The results of Baqeri Lankarani et al.’s study to evaluate the consequences of the integration law and the establishment of the Ministry of Health, Treatment, and Medical Education demonstrated that “developing trained human resources, improving medical knowledge, increasing knowledge and skills in the health sector, and elevating the quality and quantity of health services” were the three main consequences of integration. The primary goal of the policy of integrating the medical education system into the service delivery system was to increase the human resources and make the country independent of the activities of foreign physicians. The remarkable increase in the capacity for admitting medical students after the approval of the integration policy and the subsequent increase in the number of educational centers, both made the country’s health system independent of non-Iranian physicians and culminated in the growth of human resources in other specialized fields of medical sciences, such as dentistry and paramedical sciences (6).

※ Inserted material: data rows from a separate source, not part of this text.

lemma converse_duality:
  "chr_past (conversep rel) = chr_fut rel"
  "chr_fut (conversep rel) = chr_past rel"
  "is_IP (conversep rel) = is_IF rel"
  "is_IF (conversep rel) = is_IP rel"
  "hatL (conversep rel) = checkL rel"
  "checkL (conversep rel) = hatL rel"
  "common_future (conversep rel) = common_past rel"
  "past_regular (conversep rel) = future_regular rel"
  "fut_chain (conversep rel) = past_chain rel"
proof -
  show past_fut: "chr_past (conversep rel) = chr_fut rel" "chr_fut (conversep rel) = chr_past rel"
    unfolding chr_past_def chr_fut_def by auto
  then have sets: "past_set (conversep rel) = future_set rel"
      "future_set (conversep rel) = past_set rel"
    unfolding past_set_def future_set_def by auto
  show IP_IF: "is_IP (conversep rel) = is_IF rel"
    unfolding is_IP_def is_IF_def sets by simp
  show IF_IP: "is_IF (conversep rel) = is_IP rel"
    unfolding is_IP_def is_IF_def sets by simp
  show "hatL (conversep rel) = checkL rel" "checkL (conversep rel) = hatL rel"
    unfolding hatL_def checkL_def past_fut IP_IF IF_IP by simp_all
  show "common_future (conversep rel) = common_past rel"
    unfolding common_future_def common_past_def past_fut by simp
  show "past_regular (conversep rel) = future_regular rel"
    unfolding past_regular_def future_regular_def past_fut IP_IF ..
  show "fut_chain (conversep rel) = past_chain rel"
    unfolding fut_chain_def past_chain_def by simp
qed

In addition, according to the results of Shakibaei
et al.’s study investigating the perspectives of faculty members at Kermanshah University of Medical Sciences regarding the extent to which the objectives of the integrated system were achieved, the achievement of integration goals, as perceived by faculty members, was 52.37%. Moreover, from their viewpoints, the highest level of success of the integration policy was achieved in the area of healthcare services and indicators, while the lowest was attributed to research activities and facilities and social achievements of the integration plan (7).

Conclusion

The findings of this study revealed that indicators related to the quantitative development of the human resources in education and service delivery, which were among the main objectives of the integration policy, were accompanied by a considerable success, and integration in this area has been able to meet the country’s needs. However, in the field of enhancing the quality of medical education, promoting evidence-based decision-making, and making educational programs community-oriented, the integration policy has not achieved significant success. According to the results, Iranian integrated educational system has not performed successfully in training non-specialized skills, such as communication, health education for other medical staff members and patients, critical thinking, and healthcare team leadership, as well as the teaching medical students to pay attention to the
cost-effectiveness of treatment interventions and prescriptions. Similarly, in the field of medical research, the overall performance was not satisfactory, with the lowest scores had been related to the utilization of research findings in policy-making and improving the cost-effectiveness of services through research results.

Based on the findings of this research and other studies, it is recommended that further investigations be conducted into the reasons for the relatively poor performance of the integrated system in achieving its qualitative educational and research objectives.